Amplía el trabajo pericial para comprobar si el proyecto de construcción se ajustó a la normativa vigente y reclama documentación a Costas

La investigación judicial sobre la tragedia de El Bocal, en Santander, en el murieron seis jóvenes el pasado 3 de marzo, avanza hacia una cuestión incómoda para las administraciones implicadas: cómo se gestionó el aviso que alertaba del mal estado de la pasarela un día antes del accidente. La juez instructora ha reclamado explicaciones directas a la Policía Local de Santander para determinar si el Cuerpo contaba con protocolos claros y operativos para actuar ante alertas procedentes del servicio de emergencias 112 como el que se produjo 24 horas antes del colapso de la pasarela situada en la senda costera santanderina. También ha ordenado identificar a los superiores jerárquicos de la agente que recibió el aviso para citarles como testigos.

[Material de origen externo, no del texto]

text \<open>Each coordinate is bounded on V^c_O, since it is a functional dh on K and both
  dh and -dh are bounded by the layer-cake inequality.\<close>
lemma bounded_VC: "bounded VC"
proof -
  have "\<forall>i. \<exists>h. \<forall>x\<in>K. axis i 1 \<bullet> x = d h \<bullet> x" using represent_by_d by blast
  then obtain H where H: "\<And>i x. x \<in> K \<Longrightarrow> axis i 1 \<bullet> x = d (H i) \<bullet> x" by metis
  have coord: "\<bar>x $ i\<bar> \<le> tv (H i)" if x: "x \<in> VC" for x i
  proof -
    have "x \<in> K" using x VC_sub_K by blast
    then have "x $ i = d (H i) \<bullet> x" using H[of x i] by (simp add: inner_axis')
    then have xi: "x $ i = x \<bullet> d (H i)" by (simp add: inner_commute)
    have neg: "d (\<lambda>v. (-1) * H i v) = - d (H i)" by (simp only: d_scale) simp
    then have "tv (\<lambda>v. (-1) * H i v) = tv (H i)" by (simp add: tv_def)
    then show ?thesis using VC_bound[OF x, of "H i"] VC_bound[OF x, of "\<lambda>v. (-1) * H i v"] xi neg
      by (simp add: abs_le_iff)
  qed
  have "norm x \<le> (\<Sum>i\<in>UNIV. tv (H i))" if "x \<in> VC" for x
    using norm_le_l1_cart[of x] sum_mono[of UNIV "\<lambda>i. \<bar>x $ i\<bar>", OF coord[OF that]] by linarith
  then show ?thesis unfolding bounded_iff by blast
qed

lemma compact_VC: "compact VC"
  using bounded_VC closed_VC compact_eq_bounded_closed by blast

lemma supp_d_edge:
  assumes "e \<in> E"
  shows "(e, True) \<in> supp_c E (d h) \<longleftrightarrow> d h $ e > 0"
    and "(e, False) \<in> supp_c E (d h) \<longleftrightarrow> d h $ e < 0"
  using assms by (auto simp: supp_d_iff d_nth)

lemma AO_edge: "D \<in> AO \<Longrightarrow> oe \<in> D \<Longrightarrow> fst oe \<in> E \<and> hde (fst oe) \<noteq> tle (fst oe)"
  by (auto simp: acyclic_orientations_def oriented_edges_def)

lemma AO_choice:
  "D \<in> AO \<Longrightarrow> e \<in> E \<Longrightarrow> hde e \<noteq> tle e \<Longrightarrow> (e, True) \<in> D \<longleftrightarrow> (e, False) \<notin> D"
  by (auto simp: acyclic_orientations_def)

text \<open>The cochain which is 1/2 on every edge oriented as in D, and its orthogonal
  projection nu D to K; for acyclic D the latter is the vertex nu^D of V^c_O.\<close>
definition half_orientation :: "('e \<times> bool) set \<Rightarrow> real^'e" where
  "half_orientation D =
     (\<chi> e. if (e, True) \<in> D then 1/2 else if (e, False) \<in> D then -1/2 else 0)"

definition nu :: "('e \<times> bool) set \<Rightarrow> real^'e" where
  "nu D = (SOME y. y \<in> K \<and> (\<forall>x\<in>K. half_orientation D \<bullet> x = y \<bullet> x))"

lemma nu_spec: "nu D \<in> K \<and> (\<forall>x\<in>K. half_orientation D \<bullet> x = nu D \<bullet> x)"
  unfolding nu_def by (rule someI_ex) (use represent_in_K in blast)

lemma nu_d: "nu D \<bullet> d f = half_orientation D \<bullet> d f"
  using nu_spec[of D] by (simp add: K_eq)

lemma orientation_slack:
  assumes D: "D \<in> AO" and e: "e \<in> E"
  shows "2 * (half_orientation D $ e * d h $ e) \<le> \<bar>d h $ e\<bar> \<and>
    (2 * (half_orientation D $ e * d h $ e) = \<bar>d h $ e\<bar> \<longleftrightarrow>
       (\<forall>b. (e, b) \<in> supp_c E (d h) \<longrightarrow> (e, b) \<in> D))"
proof (cases "hde e = tle e")
  case True
  then have "(e, b) \<notin> D" for b using AO_edge[OF D, of "(e, b)"] by auto
  moreover have "d h $ e = 0" using True by (simp add: d_nth)
  ultimately show ?thesis by (simp add: half_orientation_def supp_d_edge[OF e] all_bool_eq)
next
  case False
  then consider "(e, True) \<in> D" "(e, False) \<notin> D" | "(e, True) \<notin> D" "(e, False) \<in> D"
    using AO_choice[OF D e] by blast
  then show ?thesis
    by cases (auto simp: half_orientation_def supp_d_edge[OF e] all_bool_eq abs_if)
qed

lemma half_orientation_sum:
  "2 * (half_orientation D \<bullet> d h) = (\<Sum>e\<in>E. 2 * (half_orientation D $ e * d h $ e))"
  by (simp add: inner_c_d[symmetric] inner_c_def sum_distrib_left)

lemma half_orientation_le: "D \<in> AO \<Longrightarrow> 2 * (half_orientation D \<bullet> d h) \<le> tv h"
  unfolding half_orientation_sum tv_def by (rule sum_mono) (use orientation_slack in blast)

lemma half_orientation_eq_iff:
  assumes D: "D \<in> AO"
  shows "2 * (half_orientation D \<bullet> d h) = tv h \<longleftrightarrow> supp_c E (d h) \<subseteq> D"
proof -
  let ?slack = "\<lambda>e. \<bar>d h $ e\<bar> - 2 * (half_orientation D $ e * d h $ e)"
  have "2 * (half_orientation D \<bullet> d h) = tv h \<longleftrightarrow> (\<Sum>e\<in>E. ?slack e) = 0"
    by (simp add: half_orientation_sum tv_def sum_subtractf) linarith
  also have "\<dots> \<longleftrightarrow> (\<forall>e\<in>E. ?slack e = 0)"
    using orientation_slack[OF D] finite_E by (intro sum_nonneg_eq_0_iff) auto
  also have "\<dots> \<longleftrightarrow> (\<forall>e\<in>E. \<forall>b. (e, b) \<in> supp_c E (d h) \<longrightarrow> (e, b) \<in> D)"
    using orientation_slack[OF D, of _ h] by (metis eq_iff_diff_eq_0)
  also have "\<dots> \<longleftrightarrow> supp_c E (d h) \<subseteq> D"
    by (auto simp: supp_d_iff)
  finally show ?thesis .
qed

text \<open>Combined with tv \<le> qf on integral potentials, the vertices nu D lie in V^c_O.\<close>
lemma nu_in_VC:
  assumes "D \<in> AO" shows "nu D \<in> VC"
proof -
  have "2 * (nu D \<bullet> d g) \<le> qf E (d g)" if "\<forall>v. g v \<in> \<int>" for g
    using half_orientation_le[OF assms, of g] tv_le_qf[OF that] by (simp add: nu_d)
  then show ?thesis using nu_spec by (simp add: VC_iff)
qed

definition Face :: "('v \<Rightarrow> real) \<Rightarrow> (real^'e) set" where
  "Face h = VC \<inter> {x. d h \<bullet> x = tv h / 2}"

lemma VC_le: "x \<in> VC \<Longrightarrow> d h \<bullet> x \<le> tv h / 2"
  using VC_bound[of x h] by (simp add: inner_commute)

lemma Face_face: "Face h face_of VC"
  unfolding Face_def by (rule face_of_Int_supporting_hyperplane_le[OF convex_VC VC_le])

lemma Face_compact: "compact (Face h)"
  unfolding Face_def by (rule compact_Int_closed[OF compact_VC closed_hyperplane])

lemma nu_in_Face_iff: "D \<in> AO \<Longrightarrow> nu D \<in> Face h \<longleftrightarrow> supp_c E (d h) \<subseteq> D"
  using nu_in_VC[of D] nu_d[of D h] half_orientation_eq_iff[of D h]
  by (auto simp: Face_def inner_commute)

text \<open>Orienting every non-loop edge upwards for the lexicographic order of (h, r), where r
  ranks the vertices injectively, gives an acyclic orientation containing supp(dh).\<close>
definition lex_orientation :: "('v \<Rightarrow> real) \<Rightarrow> ('v \<Rightarrow> nat) \<Rightarrow> ('e \<times> bool) set" where
  "lex_orientation h r = {oe \<in> oriented_edges {e\<in>E. hde e \<noteq> tle e}.
     h (otail oe) < h (ohead oe) \<or> h (otail oe) = h (ohead oe) \<and> r (otail oe) < r (ohead oe)}"

lemma lex_orientation_AO:
  assumes r: "inj_on r V"
  shows "lex_orientation h r \<in> AO" and "supp_c E (d h) \<subseteq> lex_orientation h r"
proof -
  define ord where "ord = {(u, w). h u < h w \<or> h u = h w \<and> r u < r w}"
  have "trans ord" unfolding ord_def by (rule transI) auto
  then have "acyclic ord" unfolding acyclic_def by (simp add: ord_def)
  then have acyc: "acyclic_oset hde tle (lex_orientation h r)"
    unfolding acyclic_oset_def
    by (rule acyclic_subset) (auto simp: lex_orientation_def ord_def)
  have "r (hde e) < r (tle e) \<or> r (tle e) < r (hde e)" if "e \<in> E" "hde e \<noteq> tle e" for e
    using r ends_in_V[OF that(1)] that(2) by (metis inj_on_def linorder_neqE_nat)
  then show "lex_orientation h r \<in> AO"
    using acyc by (auto simp: acyclic_orientations_def lex_orientation_def oriented_edges_def)
  show "supp_c E (d h) \<subseteq> lex_orientation h r"
  proof
    fix oe assume "oe \<in> supp_c E (d h)"
    then have "fst oe \<in> E" "h (otail oe) < h (ohead oe)" by (auto simp: supp_d_iff)
    moreover from this have "hde (fst oe) \<noteq> tle (fst oe)"
      by (cases oe) (auto split: if_splits simp: ohd_def otl_def)
    ultimately show "oe \<in> lex_orientation h r"
      by (cases oe) (auto simp: lex_orientation_def oriented_edges_def)
  qed
qed

text \<open>Every potential admits a compatible acyclic orientation, which may moreover be chosen
  to contain a prescribed non-loop edge along which h does not decrease (rank its tail
  first).\<close>
lemma compatible_orientation_through:
  assumes "fst oe0 \<in> E" "hde (fst oe0) \<noteq> tle (fst oe0)" "h (otail oe0) \<le> h (ohead oe0)"
  shows "\<exists>D\<in>AO. supp_c E (d h) \<subseteq> D \<and> oe0 \<in> D"
proof -
  obtain r0 :: "'v \<Rightarrow> nat" where r0: "inj_on r0 V"
    using finite_imp_inj_to_nat_seg[OF finite_V] by blast
  define r where "r v = (if v = otail oe0 then 0 else Suc (r0 v))" for v
  have r: "inj_on r V" using r0 by (auto simp: inj_on_def r_def split: if_splits)
  have "ohead oe0 \<noteq> otail oe0" using assms(2) by (cases oe0) (auto simp: ohd_def otl_def)
  then have "oe0 \<in> lex_orientation h r"
    using assms by (cases oe0) (auto simp: lex_orientation_def oriented_edges_def r_def)
  then show ?thesis using lex_orientation_AO[OF r] by blast
qed

lemma compatible_orientation: "\<exists>D\<in>AO. supp_c E (d h) \<subseteq> D"
proof -
  obtain r :: "'v \<Rightarrow> nat" where "inj_on r V"
    using finite_imp_inj_to_nat_seg[OF finite_V] by blast
  then show ?thesis using lex_orientation_AO by blast
qed

lemma AO_antichain:
  assumes D: "D \<in> AO" and D': "D' \<in> AO" and sub: "D \<subseteq> D'"
  shows "D = D'"
proof -
  have "oe \<in> D" if oe: "oe \<in> D'" for oe
  proof (cases oe)
    case (Pair e b)
    have e: "e \<in> E" "hde e \<noteq> tle e" using AO_edge[OF D' oe] Pair by auto
    show ?thesis
      using AO_choice[OF D e] AO_choice[OF D' e] sub oe Pair by (cases b) auto
  qed
  then show ?thesis using sub by blast
qed

text \<open>Conversely, every acyclic orientation is the support of dh, where h counts the
  vertices from which a directed path leads to the given vertex.\<close>
lemma AO_is_supp:
  assumes D: "D \<in> AO"
  shows "\<exists>h. supp_c E (d h) = D"
proof -
  define R where "R = {(otail oe, ohead oe) |oe. oe \<in> D}"
  have acyc: "acyclic R" using D by (simp add: acyclic_orientations_def acyclic_oset_def R_def)
  define h where "h v = real (card {w\<in>V. (w, v) \<in> R\<^sup>+})" for v
  have up: "h (otail oe) < h (ohead oe)" if oe: "oe \<in> D" for oe
  proof -
    have R: "(otail oe, ohead oe) \<in> R" unfolding R_def using oe by blast
    have "otail oe \<in> V" using AO_edge[OF D oe] ends_in_V by (auto simp: otl_def)
    then have "{w\<in>V. (w, otail oe) \<in> R\<^sup>+} \<subset> {w\<in>V. (w, ohead oe) \<in> R\<^sup>+}"
      using R acyc by (auto simp: acyclic_def intro: trancl_into_trancl)
    then show ?thesis unfolding h_def by (simp add: psubset_card_mono finite_V)
  qed
  have "supp_c E (d h) = D"
  proof (intro equalityI subsetI)
    fix oe assume oe: "oe \<in> supp_c E (d h)"
    obtain e b where eb: "oe = (e, b)" by (cases oe)
    have "e \<in> E" "h (otail oe) < h (ohead oe)" using oe eb by (auto simp: supp_d_iff)
    moreover from this have "hde e \<noteq> tle e" using eb by (cases b) auto
    ultimately show "oe \<in> D"
      using AO_choice[OF D, of e] up[of "(e, \<not> b)"] eb by (cases b) auto
  next
    fix oe assume "oe \<in> D"
    then show "oe \<in> supp_c E (d h)" using AO_edge[OF D] up by (auto simp: supp_d_iff)
  qed
  then show ?thesis by blast
qed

La titular del Juzgado de Instrucción número 1 del Tribunal de Instancia de Santander considera que las declaraciones prestadas hasta ahora por la gestora del 112 que recibió la llamada de un vecino y por la agente de la Policía Local a la que se trasladó ese aviso revelan lagunas relevantes en la cadena de actuación. Según apunta la jueza en una resolución notificada este martes, el contenido de ambos testimonios justifica “sin duda alguna” la necesidad de esclarecer cuál es la dinámica ordinaria de actuación cuando se comunican avisos de este tipo.